# Bone as a Sensor of and Responder to Stress During Aging

> **NIH NIH P01** · COLUMBIA UNIVERSITY HEALTH SCIENCES · 2022 · $2,654,597

## Abstract

Project summary
Aging is associated with a myriad of deleterious physical consequences. Among them, we as a group have
recently focused our work on the decreased ability to respond to stress whether it is endogenous, e.g., sex
steroid deprivation or exogenous through bacterial infections or various stressors. This is why the focus of this
P01 application is to characterize the role of bone as an endocrine organ in sensing and responding to stress.
This work is largely motivated by the fact that we have in the past 2 years accumulated in vivo and through the
study of gain and loss of functions animal models, numerous experimental evidence that the two molecules
that this group of investigators characterized as bone-derived hormones, osteocalcin, and lipocalin 2, are
involved in allowing the body to respond to stressors of various kinds. In pursuing this line of investigation, we
have also identified one molecule glutamate, as a regulator of both osteocalcin and lipocalin 2 release during a
stress reaction. At the same time, this work was unfolding another member of the original group of
investigators that worked together in this PO1 application has gathered numerous preliminary evidence that an
endogenous stressor such as estrogen deprivation affects β cell number and biology in an osteocalcin-
dependent manner. Lastly, a new member of our group Dr. Lori Zeltser, an accomplished neuroscientist and
an expert in the biology of appetite and thermogenesis, is revisiting at the most fundamental mechanistic level
an observation two project leaders in the PO1 application, Drs. Ducy and Karsenty had made over 13 years
ago. This observation is that osteocalcin favors energy expenditure and as a result the ability to protect from
another stressor, diet-induced obesity. These broad arrays of preliminary results obtained over the course of
13 years converge on asking the following fundamental and novel question that we propose to address in this
application. Is bone as a sensor and responder to stress throughout life? To address as many aspects as
possible of this question, we intend to blend in this application the bone biology endocrinology and
neuroscience expertise of its four PI’s. Therefore, to address the broad questions we are asking, we propose
to test the following Specific Aims: To determine whether the regulation of the release of osteocalcin can be
harnessed to prevent or rescue manifestations of aging (Project#1) To determine whether bone is an acute
inflammation-sensing organ that mounts lifesaving anti-inflammatory responder through lipocalin 2 secretion by
osteoblasts (Project#2). To determine whether estrogen deprivation at menopause enhances the production of
osteocalcin and as a result may affect β cell biology and glucose homeostasis (Project#3).
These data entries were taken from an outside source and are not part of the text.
(* Let $M\subset\mathbb{R}^2$ be open with coordinates $(x,u)$, let $M^{(1)}$ be the first-order jet space with coordinates $(x,u,u_x)$, and consider the ODE $u_{xx}=\phi(x,u,u_x)$ with associated vector field $\mathbf{A}=\partial_x+u_x\partial_u+\phi\,\partial_{u_x}$. Let $(\partial_u,\lambda_1)$ and $(\partial_u,\lambda_2)$ be the canonical representatives of two non-equivalent generalized $\mathcal{C}^\infty$-symmetries of this ODE. Let $\mathbf{X}_i=\partial_u+\lambda_i\partial_{u_x}$, $\rho=\dfrac{\mathbf{X}_1(\lambda_2)-\mathbf{X}_2(\lambda_1)}{\lambda_1-\lambda_2}$, let $f_1,f_2\in C^\infty(M^{(1)})$ satisfy $\dfrac{\mathbf{X}_1(f_2)}{f_2}=\dfrac{\mathbf{X}_2(f_1)}{f_1}=\rho$, let $\mathbf{Y}_i=f_i\mathbf{X}_i$, $\rho_i=\lambda_i-\mathbf{A}(f_i)/f_i$, and let $g_1,g_2\in C^\infty(M^{(1)})$ satisfy $\mathbf{A}(g_1)=\rho_1g_1$, $\mathbf{Y}_2(g_1)=0$, $\mathbf{A}(g_2)=\rho_2g_2$, $\mathbf{Y}_1(g_2)=0$. Then two functionally independent first integrals $I_1$ and $I_2$ of $\mathbf{A}$, associated to $(\partial_u,\lambda_1)$ and $(\partial_u,\lambda_2)$ respectively, can be found by quadratures from the systems $$(I_1)_x=\frac{\lambda_1u_x-\phi}{f_2g_2(\lambda_2-\lambda_1)},\quad (I_1)_u=\frac{-\lambda_1}{f_2g_2(\lambda_2-\lambda_1)},\quad (I_1)_{u_x}=\frac{1}{f_2g_2(\lambda_2-\lambda_1)},$$ $$(I_2)_x=\frac{\lambda_2u_x-\phi}{f_1g_1(\lambda_1-\lambda_2)},\quad (I_2)_u=\frac{-\lambda_2}{f_1g_1(\lambda_1-\lambda_2)},\quad (I_2)_{u_x}=\frac{1}{f_1g_1(\lambda_1-\lambda_2)}.$$
   Context: All functions are smooth on $M^{(1)}$ and all statements are local, on an open set where $\lambda_1-\lambda_2$, $f_1,f_2,g_1,g_2$ do not vanish. For smooth $\xi,\eta,\lambda$ on $M^{(1)}$ and $\mathbf{v}=\xi\partial_x+\eta\partial_u$, the $\lambda$-prolongation is $\mathbf{v}^{[\lambda,(1)]}=\mathbf{v}+\big((\mathbf{A}+\lambda)(\eta)-(\mathbf{A}+\lambda)(\xi)u_x\big)\partial_{u_x}$. The pair $(\mathbf{v},\lambda)$ is a generalized $\mathcal{C}^\infty$-symmetry of the ODE if $[\mathbf{v}^{[\lambda,(1)]},\mathbf{A}]=\lambda\,\mathbf{v}^{[\lambda,(1)]}-(\mathbf{A}+\lambda)(\xi)\,\mathbf{A}$. A first integral of $\mathbf{A}$ associated to $(\mathbf{v},\lambda)$ is a function $I\in C^\infty(M^{(1)})$ with $\mathbf{A}(I)=\mathbf{v}^{[\lambda,(1)]}(I)=0$. Two generalized $\mathcal{C}^\infty$-symmetries $(\mathbf{v}_1,\lambda_1)$, $(\mathbf{v}_2,\lambda_2)$ are $\mathbf{A}$-equivalent if $\{\mathbf{A},\mathbf{v}_1^{[\lambda_1,(1)]},\mathbf{v}_2^{[\lambda_2,(1)]}\}$ is linearly dependent over $C^\infty(M^{(1)})$. If $Q=\eta-\xi u_x$, the canonical representative of the class of $(\mathbf{v},\lambda)$ is $(\partial_u,\lambda+\mathbf{A}(Q)/Q)$. *)

theory Defs
  imports "HOL-Analysis.Analysis"
begin

text \<open>Points of the first-order jet space M^(1) with coordinates (x, u, u_x).\<close>
type_synonym jet = "real \<times> real \<times> real"

text \<open>Coordinate directions: 0 = x, 1 = u, 2 = u_x.\<close>
definition coord_dir :: "nat \<Rightarrow> jet" where
  "coord_dir i = (if i = 0 then (1,0,0) else if i = 1 then (0,1,0) else (0,0,1))"

definition pd :: "nat \<Rightarrow> (jet \<Rightarrow> real) \<Rightarrow> jet \<Rightarrow> real" where
  "pd i f p = frechet_derivative f (at p) (coord_dir i)"

abbreviation "pd_x \<equiv> pd 0"
abbreviation "pd_u \<equiv> pd 1"
abbreviation "pd_ux \<equiv> pd 2"

fun iter_pd :: "nat list \<Rightarrow> (jet \<Rightarrow> real) \<Rightarrow> jet \<Rightarrow> real" where
  "iter_pd [] f = f"
| "iter_pd (i # is) f = pd i (iter_pd is f)"

definition smooth_on :: "jet set \<Rightarrow> (jet \<Rightarrow> real) \<Rightarrow> bool" where
  "smooth_on U f \<longleftrightarrow> (\<forall>ds. (\<forall>i\<in>set ds. i < 3) \<longrightarrow> (\<forall>p\<in>U. iter_pd ds f differentiable (at p)))"

definition vf :: "(jet \<Rightarrow> real) \<Rightarrow> (jet \<Rightarrow> real) \<Rightarrow> (jet \<Rightarrow> real) \<Rightarrow> (jet \<Rightarrow> real) \<Rightarrow> jet \<Rightarrow> real" where
  "vf a b c h p = a p * pd_x h p + b p * pd_u h p + c p * pd_ux h p"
To investigate
mechanistically whether the decrease in circulating osteocalcin during aging is, a least in part, responsible for
the dysregulation of thermogenesis seen during aging (Project#4).

## Key facts

- **NIH application ID:** 10417239
- **Project number:** 5P01AG032959-13
- **Recipient organization:** COLUMBIA UNIVERSITY HEALTH SCIENCES
- **Principal Investigator:** Gerard Karsenty
- **Activity code:** P01 (R01, R21, SBIR, etc.)
- **Funding institute:** NIH
- **Fiscal year:** 2022
- **Award amount:** $2,654,597
- **Award type:** 5
- **Project period:** 2010-09-15 → 2025-05-31

## Primary source

NIH RePORTER: https://reporter.nih.gov/project-details/10417239

## Citation

> US National Institutes of Health, RePORTER application 10417239, Bone as a Sensor of and Responder to Stress During Aging (5P01AG032959-13). Retrieved via AI Analytics 2026-05-22 from https://api.ai-analytics.org/grant/nih/10417239. Licensed CC0.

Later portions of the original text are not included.